The property sector has continued to cause concern both domestically and
internationally, with tighter lending conditions leading to increased stress on
some highly leveraged privately-owned property developers. Policy support has
focused on the slowing residential market and lagging consumer sentiment, with
initiatives such as the easing of mortgage conditions, the loosening of the
definition of a `first home' and allowing lower minimum down payment ratios for
both first and second homeowners - all in an effort to support underlying demand
for property. On the fiscal side, the government's ongoing focus on quality
rather than quantity of economic growth, along with stretched local government
finances, has meant that the trend of large-scale and leverage-fuelled
infrastructure projects is likely to have run its course.
A sustained improvement in domestic regulation towards favouring the private
sector or a sustained stabilisation of key geopolitical relationships would
likely initiate a gradual rerating of Chinese stocks. We see positive signs of
Beijing nurturing high-end manufacturing and encouraging foreign participation.
A case in point is Xi Jinping's announcement during the recent BRI Forum that
China will terminate all restrictions for foreign participation in
manufacturing.
One of the principal reasons why the post-Covid reopening fell flatter than
expected was that consumer confidence has remained muted. The factors driving
this include weak business confidence, particularly on the back of well
-publicised job cuts at the big tech companies, and youth unemployment
headlines. Weakness in the property market is also likely playing a part given
the significant weight of property on the consumer balance sheet. On the
positive side, Chinese citizens are sitting on record amounts of savings and the
assumption had been that they would be keen to travel and spend as soon as they
were able to do so. The recent `Golden Week' holiday saw domestic tourism
rebound to pre-pandemic levels, although overseas travel remains below trend.
Despite the mixed signals, however, we believe consumption will likely continue
to be the prime driver of the recovery, supported by factors such as the move
towards urbanisation, which supports rising consumer purchasing power.
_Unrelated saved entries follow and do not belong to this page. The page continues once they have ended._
section \<open>Bernstein's inequality\<close>

lemma centered_exp_le_weighted_second_moment:
  assumes [measurable]: "X \<in> borel_measurable M"
    and intG: "integrable M (\<lambda>\<omega>. (X \<omega>)\<^sup>2 * exp (2 * \<bar>l\<bar> * \<bar>X \<omega>\<bar>))"
  shows "(\<integral>\<^sup>+\<omega>. ennreal (exp (l * (X \<omega> - expectation X))) \<partial>M)
           \<le> ennreal (exp (4 * l\<^sup>2 * expectation (\<lambda>\<omega>. (X \<omega>)\<^sup>2 * exp (2 * \<bar>l\<bar> * \<bar>X \<omega>\<bar>))))"
proof -
  define G where "G = (\<lambda>x::real. x\<^sup>2 * exp (2 * \<bar>l\<bar> * \<bar>x\<bar>))"
  define \<mu> where "\<mu> = expectation X"
  define R where "R = (\<lambda>\<omega>. 1 + l * (X \<omega> - \<mu>) + 2 * l\<^sup>2 * (G (X \<omega>) + G \<mu>))"
  have intG: "integrable M (\<lambda>\<omega>. G (X \<omega>))" using intG by (simp add: G_def)
  have intX: "integrable M X"
  proof (rule Bochner_Integration.integrable_bound[OF Bochner_Integration.integrable_add[OF integrable_const intG]])
    have "\<bar>x\<bar> \<le> 1 + G x" for x
    proof -
      have "\<bar>x\<bar> \<le> 1 + x\<^sup>2" using zero_le_square[of "\<bar>x\<bar> - 1"] by (simp add: power2_eq_square algebra_simps)
      also have "x\<^sup>2 \<le> G x" by (simp add: G_def mult_le_cancel_left1)
      finally show ?thesis by simp
    qed
    thus "AE \<omega> in M. norm (X \<omega>) \<le> norm (1 + G (X \<omega>))" by (simp add: G_def)
  qed simp
  have jensen: "G \<mu> \<le> expectation (\<lambda>\<omega>. G (X \<omega>))"
    unfolding \<mu>_def using intX intG convex_on_square_exp_abs[of "\<bar>l\<bar>"]
    by (intro jensens_inequality[where I=UNIV]) (auto simp: G_def)
  have bound: "exp (l * (X \<omega> - \<mu>)) \<le> R \<omega>" for \<omega>
    unfolding R_def G_def by (rule exp_le_second_order_centered)
  have intR: "integrable M R" unfolding R_def using intX intG by auto
  have intE: "integrable M (\<lambda>\<omega>. exp (l * (X \<omega> - \<mu>)))"
    using bound by (intro Bochner_Integration.integrable_bound[OF intR]) (auto intro: order.trans[OF _ abs_ge_self])
  have "expectation (\<lambda>\<omega>. exp (l * (X \<omega> - \<mu>))) \<le> expectation R"
    by (intro integral_mono intE intR bound)
  also have "\<dots> = 1 + 2 * l\<^sup>2 * (expectation (\<lambda>\<omega>. G (X \<omega>)) + G \<mu>)"
    unfolding R_def using intX intG by (simp add: \<mu>_def prob_space)
  also have "\<dots> \<le> 1 + 4 * l\<^sup>2 * expectation (\<lambda>\<omega>. G (X \<omega>))"
    using mult_left_mono[OF add_left_mono[OF jensen, of "expectation (\<lambda>\<omega>. G (X \<omega>))"], of "2 * l\<^sup>2"]
    by simp
  also have "\<dots> \<le> exp (4 * l\<^sup>2 * expectation (\<lambda>\<omega>. G (X \<omega>)))"
    by (rule exp_ge_add_one_self[THEN order_trans[rotated]]) simp
  finally have "expectation (\<lambda>\<omega>. exp (l * (X \<omega> - \<mu>))) \<le> exp (4 * l\<^sup>2 * expectation (\<lambda>\<omega>. G (X \<omega>)))" .
  thus ?thesis
    using nn_integral_eq_integral[OF intE] by (simp add: \<mu>_def G_def ennreal_leI)
qed

lemma uniform_measure_centered_exp_le:
  assumes A: "A \<in> sets M" and p: "0 < p" "p \<le> measure M A"
    and [measurable]: "X \<in> borel_measurable M" and K: "K > 0"
    and E: "(\<integral>\<^sup>+\<omega>. ennreal (exp ((X \<omega>)\<^sup>2 / K\<^sup>2)) \<partial>M) \<le> ennreal (exp 1)" and l: "\<bar>l\<bar> \<le> 1 / K"
  defines "Q \<equiv> uniform_measure M A"
  shows "(\<integral>\<^sup>+\<omega>. ennreal (exp (l * (X \<omega> - (\<integral>\<omega>'. X \<omega>' \<partial>Q)))) \<partial>Q)
           \<le> ennreal (exp (l\<^sup>2 * (8 * exp 3 * K\<^sup>2 / p)))"
proof -
  define G where "G = (\<lambda>x::real. x\<^sup>2 * exp (2 * \<bar>l\<bar> * \<bar>x\<bar>))"
  define \<gamma> where "\<gamma> = 2 * exp 3 * K\<^sup>2 / p"
  have "emeasure M A \<noteq> 0" using p by (simp add: emeasure_eq_measure)
  then interpret Q: prob_space Q unfolding Q_def by (intro prob_space_uniform_measure) auto
  have XQ[measurable]: "X \<in> borel_measurable Q"
    unfolding Q_def by (simp add: measurable_cong_sets[OF sets_uniform_measure refl])
  have "(\<integral>\<^sup>+\<omega>. ennreal (G (X \<omega>)) \<partial>M) \<le> (\<integral>\<^sup>+\<omega>. ennreal (2 * exp 2 * K\<^sup>2) * ennreal (exp ((X \<omega>)\<^sup>2 / K\<^sup>2)) \<partial>M)"
    unfolding G_def using square_exp_abs_le_exp_square[OF K l]
    by (intro nn_integral_mono) (simp add: ennreal_mult[symmetric] ennreal_leI)
  also have "\<dots> = ennreal (2 * exp 2 * K\<^sup>2) * (\<integral>\<^sup>+\<omega>. ennreal (exp ((X \<omega>)\<^sup>2 / K\<^sup>2)) \<partial>M)"
    by (rule nn_integral_cmult) measurable
  also have "\<dots> \<le> ennreal (2 * exp 2 * K\<^sup>2) * ennreal (exp 1)"
    using E by (intro mult_left_mono) auto
  finally have "ennreal (1/p) * (\<integral>\<^sup>+\<omega>. ennreal (G (X \<omega>)) \<partial>M) \<le> ennreal (1/p) * (ennreal (2 * exp 2 * K\<^sup>2) * ennreal (exp 1))"
    by (rule mult_left_mono) simp
  also have "\<dots> = ennreal \<gamma>"
    using p by (simp add: \<gamma>_def ennreal_mult[symmetric] exp_add[symmetric])
  finally have EG: "(\<integral>\<^sup>+\<omega>. ennreal (G (X \<omega>)) \<partial>Q) \<le> ennreal \<gamma>"
    using nn_integral_uniform_measure_le[OF A p, of "\<lambda>\<omega>. ennreal (G (X \<omega>))"]
    unfolding Q_def G_def by simp
  have intG: "integrable Q (\<lambda>\<omega>. G (X \<omega>))"
    using EG by (intro integrable_if_nn_integral_le) (auto simp: G_def)
  have "Q.expectation (\<lambda>\<omega>. G (X \<omega>)) \<le> \<gamma>"
    using EG nn_integral_eq_integral[OF intG] p by (simp add: G_def \<gamma>_def ennreal_le_iff)
  hence "4 * l\<^sup>2 * Q.expectation (\<lambda>\<omega>. G (X \<omega>)) \<le> 4 * l\<^sup>2 * \<gamma>"
    by (intro mult_left_mono) auto
  also have "4 * l\<^sup>2 * \<gamma> = l\<^sup>2 * (8 * exp 3 * K\<^sup>2 / p)" by (simp add: \<gamma>_def)
  finally have "exp (4 * l\<^sup>2 * Q.expectation (\<lambda>\<omega>. G (X \<omega>))) \<le> exp (l\<^sup>2 * (8 * exp 3 * K\<^sup>2 / p))"
    by simp
  with Q.centered_exp_le_weighted_second_moment[OF XQ, of l] intG show ?thesis
    unfolding G_def by (meson ennreal_leI order.trans)
qed

lemma prob_sum_ge_le_if_mgf_le:
  fixes Z :: "'i \<Rightarrow> 'a \<Rightarrow> real"
  assumes I: "finite I" and ind: "indep_vars (\<lambda>_. borel) Z I" and l: "l > 0"
    and mgf: "\<And>i. i \<in> I \<Longrightarrow> (\<integral>\<^sup>+\<omega>. ennreal (exp (l * Z i \<omega>)) \<partial>M) \<le> ennreal (exp (l\<^sup>2 * s))"
  shows "measure M {\<omega>\<in>space M. (\<Sum>i\<in>I. Z i \<omega>) \<ge> a} \<le> exp (real (card I) * l\<^sup>2 * s - l * a)"
proof -
  have [measurable]: "\<And>i. i \<in> I \<Longrightarrow> Z i \<in> borel_measurable M"
    using ind unfolding indep_vars_def by auto
  have "emeasure M {\<omega>\<in>space M. (\<Sum>i\<in>I. Z i \<omega>) \<ge> a} \<le>
        ennreal (exp (-l * a)) * (\<integral>\<^sup>+\<omega>. ennreal (exp (l * (\<Sum>i\<in>I. Z i \<omega>))) * indicator (space M) \<omega> \<partial>M)"
    by (rule Chernoff_ineq_nn_integral_ge[OF l]) auto
  also have "(\<integral>\<^sup>+\<omega>. ennreal (exp (l * (\<Sum>i\<in>I. Z i \<omega>))) * indicator (space M) \<omega> \<partial>M) =
             (\<integral>\<^sup>+\<omega>. (\<Prod>i\<in>I. ennreal (exp (l * Z i \<omega>))) \<partial>M)"
    by (intro nn_integral_cong) (simp_all add: sum_distrib_left exp_sum I prod_ennreal)
  also have "\<dots> = (\<Prod>i\<in>I. \<integral>\<^sup>+\<omega>. ennreal (exp (l * Z i \<omega>)) \<partial>M)"
    by (intro indep_vars_nn_integral I indep_vars_compose2[OF ind]) auto
  also have "ennreal (exp (-l * a)) * \<dots> \<le> ennreal (exp (-l * a)) * (\<Prod>i\<in>I. ennreal (exp (l\<^sup>2 * s)))"
    by (intro mult_left_mono prod_mono_ennreal mgf) auto
  also have "(\<Prod>i\<in>I. ennreal (exp (l\<^sup>2 * s))) = ennreal (exp (real (card I) * (l\<^sup>2 * s)))"
    by (simp add: exp_of_nat_mult ennreal_power)
  also have "ennreal (exp (-l * a)) * \<dots> = ennreal (exp (real (card I) * l\<^sup>2 * s - l * a))"
    by (simp add: ennreal_mult[symmetric] exp_add[symmetric] algebra_simps)
  finally show ?thesis by (simp add: emeasure_eq_measure)
qed

text \<open>Chernoff's bound is taken at \<open>l = t / (D + t K)\<close>, which is admissible since \<open>l \<le> 1 / K\<close>.\<close>

lemma prob_sum_ge_le_bernstein:
  fixes Z :: "nat \<Rightarrow> 'a \<Rightarrow> real"
  assumes ind: "indep_vars (\<lambda>_. borel) Z {..<c}" and t: "t > 0" and K: "K > 0" and D: "D > 0"
    and s: "s \<le> D / 2"
    and mgf: "\<And>i l. i < c \<Longrightarrow> 0 < l \<Longrightarrow> l \<le> 1 / K \<Longrightarrow>
                (\<integral>\<^sup>+\<omega>. ennreal (exp (l * Z i \<omega>)) \<partial>M) \<le> ennreal (exp (l\<^sup>2 * s))"
  shows "measure M {\<omega>\<in>space M. (\<Sum>i<c. Z i \<omega>) \<ge> real c * t}
           \<le> exp (- (real c * t\<^sup>2) / (2 * D + 2 * t * K))"
proof -
  define l where "l = t / (D + t * K)"
  have DtK: "D + t * K > 0" using D t K by (simp add: add_pos_pos)
  hence l: "l > 0" using t by (simp add: l_def)
  have "l \<le> 1 / K"
    unfolding l_def using DtK D K by (simp add: divide_le_eq field_simps)
  hence "measure M {\<omega>\<in>space M. (\<Sum>i<c. Z i \<omega>) \<ge> real c * t}
      \<le> exp (real c * l\<^sup>2 * s - l * (real c * t))"
    using prob_sum_ge_le_if_mgf_le[OF _ ind l, of s "real c * t"] mgf l by simp
  also have "\<dots> \<le> exp (- (real c * t\<^sup>2) / (2 * D + 2 * t * K))"
    using chernoff_exponent_le[of "real c" t K D s] t K D s unfolding l_def by simp
  finally show ?thesis .
qed

lemma prob_abs_mean_deviation_le:
  fixes Xs :: "nat \<Rightarrow> 'a \<Rightarrow> real" and X :: "'b \<Rightarrow> real"
  assumes c: "c \<ge> 1" and t: "t > 0"
    and ind: "indep_vars (\<lambda>_. borel) Xs {..<c}"
    and distr: "\<forall>i<c. distr M borel (Xs i) = distr Q borel X"
    and [measurable]: "X \<in> borel_measurable Q"
    and K: "K > 0" and D: "D > 0" and s: "s \<le> D / 2"
    and mgf: "\<And>l. \<bar>l\<bar> \<le> 1 / K \<Longrightarrow> (\<integral>\<^sup>+\<omega>. ennreal (exp (l * (X \<omega> - \<mu>))) \<partial>Q) \<le> ennreal (exp (l\<^sup>2 * s))"
  shows "measure M {\<omega>\<in>space M. \<bar>(\<Sum>i<c. Xs i \<omega>) / real c - \<mu>\<bar> > t}
           \<le> 2 * exp (- (real c * t\<^sup>2) / (2 * D + 2 * t * K))"
proof -
  have [measurable]: "\<And>i. i \<in> {..<c} \<Longrightarrow> Xs i \<in> borel_measurable M"
    using ind unfolding indep_vars_def by auto
  have mgfXs: "(\<integral>\<^sup>+\<omega>. ennreal (exp (l * (Xs i \<omega> - \<mu>))) \<partial>M) \<le> ennreal (exp (l\<^sup>2 * s))"
    if "i < c" "\<bar>l\<bar> \<le> 1 / K" for i l
  proof -
    have "(\<integral>\<^sup>+\<omega>. ennreal (exp (l * (Xs i \<omega> - \<mu>))) \<partial>M)
        = (\<integral>\<^sup>+x. ennreal (exp (l * (x - \<mu>))) \<partial>distr M borel (Xs i))"
      using that by (subst nn_integral_distr) auto
    also have "\<dots> = (\<integral>\<^sup>+\<omega>. ennreal (exp (l * (X \<omega> - \<mu>))) \<partial>Q)"
      using distr that by (subst nn_integral_distr[symmetric]) auto
    finally show ?thesis using mgf[OF that(2)] by simp
  qed
  define U where "U = {\<omega>\<in>space M. (\<Sum>i<c. Xs i \<omega> - \<mu>) \<ge> real c * t}"
  define L where "L = {\<omega>\<in>space M. (\<Sum>i<c. \<mu> - Xs i \<omega>) \<ge> real c * t}"
  have "measure M U \<le> exp (- (real c * t\<^sup>2) / (2 * D + 2 * t * K))"
    unfolding U_def using mgfXs t K D s
    by (intro prob_sum_ge_le_bernstein indep_vars_compose2[OF ind, where Y="\<lambda>_ x. x - \<mu>", simplified])
       auto
  moreover have "measure M L \<le> exp (- (real c * t\<^sup>2) / (2 * D + 2 * t * K))"
    unfolding L_def using mgfXs[of _ "- _"] t K D s
    by (intro prob_sum_ge_le_bernstein indep_vars_compose2[OF ind, where Y="\<lambda>_ x. \<mu> - x", simplified])
       (auto simp: algebra_simps)
  moreover have "{\<omega>\<in>space M. \<bar>(\<Sum>i<c. Xs i \<omega>) / real c - \<mu>\<bar> > t} \<subseteq> U \<union> L"
  proof safe
    fix \<omega> assume \<omega>: "\<omega> \<in> space M" and "\<bar>(\<Sum>i<c. Xs i \<omega>) / real c - \<mu>\<bar> > t" and "\<omega> \<notin> L"
    define d where "d = (\<Sum>i<c. Xs i \<omega>) / real c - \<mu>"
    have c0: "real c > 0" using c by simp
    have "(\<Sum>i<c. Xs i \<omega> - \<mu>) = real c * d" "(\<Sum>i<c. \<mu> - Xs i \<omega>) = real c * (- d)"
      using c0 by (simp_all add: d_def sum_subtractf field_simps)
    moreover have "t \<le> d \<or> t \<le> - d" using \<open>\<bar>_\<bar> > t\<close> unfolding d_def by linarith
    hence "real c * t \<le> real c * d \<or> real c * t \<le> real c * (- d)"
      using c0 mult_left_mono[of t d "real c"] mult_left_mono[of t "- d" "real c"] by auto
    ultimately show "\<omega> \<in> U"
      using \<omega> \<open>\<omega> \<notin> L\<close> by (auto simp: U_def L_def)
  qed
  hence "measure M {\<omega>\<in>space M. \<bar>(\<Sum>i<c. Xs i \<omega>) / real c - \<mu>\<bar> > t} \<le> measure M U + measure M L"
    by (intro order.trans[OF finite_measure_mono measure_Un_le]) (auto simp: U_def L_def)
  ultimately show ?thesis by simp
qed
While
this trend may have slowed down during Covid, it remains clearly intact, and the
overall levels of urbanisation still significantly lag levels seen in the West.
The rise of the Chinese consumer has long been a major theme for Fidelity China
Special Situations, as evidenced by more than 40% of the portfolio held in
consumer stocks.
Performance and portfolio review
Chinese equities have experienced extreme volatility over the past six months,
erasing the gains since the market's recent peak at the start of 2023. The
initial euphoria around China's reopening was short-lived, as investor sentiment
and consumer confidence were both adversely affected by subdued macroeconomic
data and renewed stress on the financial and real estate sectors since the
second quarter. Against this uncertain backdrop, the Company's NAV declined by
10.9% in the six-month reporting period to 30 September 2023, slightly more than
the MSCI China Index (the Benchmark Index) which was down by 10.3%. The
Company's share price fell by 12.9% over the same period, reflecting a widening
of the discount to NAV. (All performance data on a total return basis.)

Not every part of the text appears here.